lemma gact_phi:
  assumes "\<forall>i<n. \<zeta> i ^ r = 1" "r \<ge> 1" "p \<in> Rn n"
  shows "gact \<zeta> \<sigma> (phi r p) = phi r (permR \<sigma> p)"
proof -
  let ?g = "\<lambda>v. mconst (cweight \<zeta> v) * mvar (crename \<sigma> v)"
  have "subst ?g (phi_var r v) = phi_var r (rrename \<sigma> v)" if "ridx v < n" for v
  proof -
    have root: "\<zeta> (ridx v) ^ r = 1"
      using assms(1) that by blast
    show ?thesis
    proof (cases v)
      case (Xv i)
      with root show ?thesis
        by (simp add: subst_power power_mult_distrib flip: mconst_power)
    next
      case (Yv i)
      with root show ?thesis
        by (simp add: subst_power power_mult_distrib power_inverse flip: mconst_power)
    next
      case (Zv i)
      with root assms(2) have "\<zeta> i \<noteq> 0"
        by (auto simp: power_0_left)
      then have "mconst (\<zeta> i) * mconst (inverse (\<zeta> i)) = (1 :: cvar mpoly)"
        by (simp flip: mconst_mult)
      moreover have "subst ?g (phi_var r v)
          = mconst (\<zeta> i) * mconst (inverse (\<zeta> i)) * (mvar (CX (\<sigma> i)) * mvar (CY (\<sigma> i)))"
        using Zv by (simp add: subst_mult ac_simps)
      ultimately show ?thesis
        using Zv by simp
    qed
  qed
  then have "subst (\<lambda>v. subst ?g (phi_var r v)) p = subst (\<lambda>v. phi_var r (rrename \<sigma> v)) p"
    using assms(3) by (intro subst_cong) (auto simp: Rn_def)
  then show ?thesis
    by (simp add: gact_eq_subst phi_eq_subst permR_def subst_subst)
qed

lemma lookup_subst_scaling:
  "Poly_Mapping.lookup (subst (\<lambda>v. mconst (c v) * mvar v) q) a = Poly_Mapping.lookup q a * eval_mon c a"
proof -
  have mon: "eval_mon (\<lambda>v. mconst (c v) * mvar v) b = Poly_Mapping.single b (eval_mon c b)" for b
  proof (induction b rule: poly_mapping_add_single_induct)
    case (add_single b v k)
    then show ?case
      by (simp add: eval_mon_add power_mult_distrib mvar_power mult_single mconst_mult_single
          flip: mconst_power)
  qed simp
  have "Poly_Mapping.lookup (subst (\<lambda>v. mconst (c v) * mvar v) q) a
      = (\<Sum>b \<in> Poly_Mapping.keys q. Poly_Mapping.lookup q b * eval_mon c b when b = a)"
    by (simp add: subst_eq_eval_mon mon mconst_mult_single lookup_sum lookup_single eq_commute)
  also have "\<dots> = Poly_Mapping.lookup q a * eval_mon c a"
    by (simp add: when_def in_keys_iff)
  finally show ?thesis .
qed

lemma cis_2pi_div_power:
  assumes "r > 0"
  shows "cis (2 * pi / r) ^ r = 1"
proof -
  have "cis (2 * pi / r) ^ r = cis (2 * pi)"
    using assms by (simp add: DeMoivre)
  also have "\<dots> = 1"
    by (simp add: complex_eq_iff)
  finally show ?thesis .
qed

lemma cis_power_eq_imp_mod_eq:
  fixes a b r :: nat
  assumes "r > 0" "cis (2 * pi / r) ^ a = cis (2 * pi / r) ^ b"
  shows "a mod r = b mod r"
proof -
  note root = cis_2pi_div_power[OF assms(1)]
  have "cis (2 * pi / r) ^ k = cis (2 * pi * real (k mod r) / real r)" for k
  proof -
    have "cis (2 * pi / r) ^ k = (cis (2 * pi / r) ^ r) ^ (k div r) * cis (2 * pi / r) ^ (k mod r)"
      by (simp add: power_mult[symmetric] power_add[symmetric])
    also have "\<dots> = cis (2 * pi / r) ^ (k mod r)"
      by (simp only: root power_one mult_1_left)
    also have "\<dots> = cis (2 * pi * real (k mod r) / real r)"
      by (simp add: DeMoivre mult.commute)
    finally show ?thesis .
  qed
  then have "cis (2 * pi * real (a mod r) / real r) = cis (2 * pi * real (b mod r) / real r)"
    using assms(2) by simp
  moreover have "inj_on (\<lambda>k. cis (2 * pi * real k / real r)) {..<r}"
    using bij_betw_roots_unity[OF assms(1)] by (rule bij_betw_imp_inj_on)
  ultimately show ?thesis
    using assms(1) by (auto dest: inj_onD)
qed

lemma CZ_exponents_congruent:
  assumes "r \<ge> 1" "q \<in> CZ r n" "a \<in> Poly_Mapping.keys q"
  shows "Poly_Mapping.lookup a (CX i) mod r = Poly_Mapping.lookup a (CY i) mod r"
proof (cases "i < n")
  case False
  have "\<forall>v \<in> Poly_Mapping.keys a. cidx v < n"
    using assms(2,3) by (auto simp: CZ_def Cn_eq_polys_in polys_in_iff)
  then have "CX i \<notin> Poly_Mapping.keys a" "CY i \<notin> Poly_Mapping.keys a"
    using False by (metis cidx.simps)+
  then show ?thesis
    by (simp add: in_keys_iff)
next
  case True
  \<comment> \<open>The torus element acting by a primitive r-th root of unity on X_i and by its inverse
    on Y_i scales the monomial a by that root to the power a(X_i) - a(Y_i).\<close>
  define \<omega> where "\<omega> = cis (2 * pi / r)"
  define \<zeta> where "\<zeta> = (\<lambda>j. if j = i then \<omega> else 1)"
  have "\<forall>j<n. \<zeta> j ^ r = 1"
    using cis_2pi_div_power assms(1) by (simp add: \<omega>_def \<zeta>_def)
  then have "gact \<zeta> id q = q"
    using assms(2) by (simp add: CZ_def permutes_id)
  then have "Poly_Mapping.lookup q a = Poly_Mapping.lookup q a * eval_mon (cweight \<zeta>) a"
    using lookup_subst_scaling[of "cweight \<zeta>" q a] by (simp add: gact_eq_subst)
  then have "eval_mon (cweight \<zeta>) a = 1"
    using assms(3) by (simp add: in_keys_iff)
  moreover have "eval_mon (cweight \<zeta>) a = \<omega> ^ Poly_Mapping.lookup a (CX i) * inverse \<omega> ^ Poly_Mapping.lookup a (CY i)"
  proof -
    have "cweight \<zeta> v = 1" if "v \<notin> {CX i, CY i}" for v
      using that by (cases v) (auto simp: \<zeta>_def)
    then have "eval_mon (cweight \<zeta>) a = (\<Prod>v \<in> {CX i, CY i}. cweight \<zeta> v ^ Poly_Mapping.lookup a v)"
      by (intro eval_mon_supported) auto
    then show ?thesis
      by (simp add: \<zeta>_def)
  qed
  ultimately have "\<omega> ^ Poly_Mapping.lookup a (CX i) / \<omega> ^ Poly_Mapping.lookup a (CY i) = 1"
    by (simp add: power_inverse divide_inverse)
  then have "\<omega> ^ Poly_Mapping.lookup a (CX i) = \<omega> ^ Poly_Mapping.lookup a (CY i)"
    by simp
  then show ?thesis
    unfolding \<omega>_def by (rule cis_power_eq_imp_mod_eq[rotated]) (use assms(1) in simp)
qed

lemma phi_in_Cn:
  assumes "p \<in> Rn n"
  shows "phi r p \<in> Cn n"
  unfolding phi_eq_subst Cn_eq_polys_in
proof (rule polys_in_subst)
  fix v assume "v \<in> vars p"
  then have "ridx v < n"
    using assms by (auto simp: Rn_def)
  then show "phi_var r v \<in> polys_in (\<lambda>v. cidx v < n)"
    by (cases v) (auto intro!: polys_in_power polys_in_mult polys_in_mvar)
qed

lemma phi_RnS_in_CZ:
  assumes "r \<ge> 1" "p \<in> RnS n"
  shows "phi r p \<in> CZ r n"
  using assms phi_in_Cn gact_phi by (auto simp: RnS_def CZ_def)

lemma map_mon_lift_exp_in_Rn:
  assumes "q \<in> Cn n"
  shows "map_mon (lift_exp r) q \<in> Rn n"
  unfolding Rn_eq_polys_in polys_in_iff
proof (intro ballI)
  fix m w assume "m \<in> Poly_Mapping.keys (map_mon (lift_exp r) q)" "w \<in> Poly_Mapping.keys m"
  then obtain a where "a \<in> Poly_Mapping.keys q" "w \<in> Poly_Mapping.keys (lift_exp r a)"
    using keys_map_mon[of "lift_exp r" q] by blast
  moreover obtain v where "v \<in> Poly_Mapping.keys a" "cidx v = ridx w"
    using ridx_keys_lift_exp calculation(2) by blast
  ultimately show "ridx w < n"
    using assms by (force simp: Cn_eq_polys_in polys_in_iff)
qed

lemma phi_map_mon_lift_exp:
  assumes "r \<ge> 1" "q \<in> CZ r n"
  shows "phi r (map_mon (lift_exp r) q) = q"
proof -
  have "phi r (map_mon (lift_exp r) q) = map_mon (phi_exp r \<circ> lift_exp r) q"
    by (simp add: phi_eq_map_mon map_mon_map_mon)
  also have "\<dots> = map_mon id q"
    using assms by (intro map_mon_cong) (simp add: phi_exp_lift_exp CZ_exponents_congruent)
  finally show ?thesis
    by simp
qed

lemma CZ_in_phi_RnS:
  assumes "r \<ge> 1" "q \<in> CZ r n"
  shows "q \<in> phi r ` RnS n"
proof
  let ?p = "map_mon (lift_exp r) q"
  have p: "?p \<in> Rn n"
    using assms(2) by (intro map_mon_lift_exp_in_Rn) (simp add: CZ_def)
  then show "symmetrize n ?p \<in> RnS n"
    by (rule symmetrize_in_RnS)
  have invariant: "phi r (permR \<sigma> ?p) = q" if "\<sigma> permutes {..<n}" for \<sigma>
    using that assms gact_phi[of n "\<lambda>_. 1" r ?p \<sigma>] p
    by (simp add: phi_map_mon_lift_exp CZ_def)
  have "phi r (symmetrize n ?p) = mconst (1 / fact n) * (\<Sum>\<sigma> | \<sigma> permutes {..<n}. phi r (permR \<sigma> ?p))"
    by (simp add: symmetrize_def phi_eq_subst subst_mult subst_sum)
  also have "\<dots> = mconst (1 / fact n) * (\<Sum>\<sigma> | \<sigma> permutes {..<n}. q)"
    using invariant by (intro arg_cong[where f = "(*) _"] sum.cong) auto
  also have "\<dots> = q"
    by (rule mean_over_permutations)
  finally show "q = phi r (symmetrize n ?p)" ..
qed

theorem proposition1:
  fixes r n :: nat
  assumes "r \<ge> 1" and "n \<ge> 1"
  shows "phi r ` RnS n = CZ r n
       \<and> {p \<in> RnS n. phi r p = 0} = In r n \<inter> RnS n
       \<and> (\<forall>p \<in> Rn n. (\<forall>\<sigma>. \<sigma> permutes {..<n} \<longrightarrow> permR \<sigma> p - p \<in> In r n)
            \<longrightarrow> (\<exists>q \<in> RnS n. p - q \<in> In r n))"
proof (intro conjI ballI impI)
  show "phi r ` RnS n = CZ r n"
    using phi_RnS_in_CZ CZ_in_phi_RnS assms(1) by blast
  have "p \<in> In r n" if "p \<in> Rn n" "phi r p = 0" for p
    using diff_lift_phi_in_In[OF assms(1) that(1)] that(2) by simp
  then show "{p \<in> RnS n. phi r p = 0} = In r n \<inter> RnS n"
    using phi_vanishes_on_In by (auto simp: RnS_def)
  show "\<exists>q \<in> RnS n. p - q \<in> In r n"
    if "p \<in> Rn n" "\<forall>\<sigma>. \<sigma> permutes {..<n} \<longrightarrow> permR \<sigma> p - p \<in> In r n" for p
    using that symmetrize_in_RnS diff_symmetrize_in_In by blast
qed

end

### Exercise goal
Of all the entries above, repeat only the lines from the line that has "fixes r n :: nat" to the line that has "p \<in> In r n)", both lines included, exactly.

### Response to this task
  fixes r n :: nat
  assumes "r \<ge> 1" and "n \<ge> 1"
  shows "phi r ` RnS n = CZ r n
       \<and> {p \<in> RnS n. phi r p = 0} = In r n \<inter> RnS n
       \<and> (\<forall>p \<in> Rn n. (\<forall>\<sigma>. \<sigma> permutes {..<n} \<longrightarrow> permR \<sigma> p - p \<in> In r n)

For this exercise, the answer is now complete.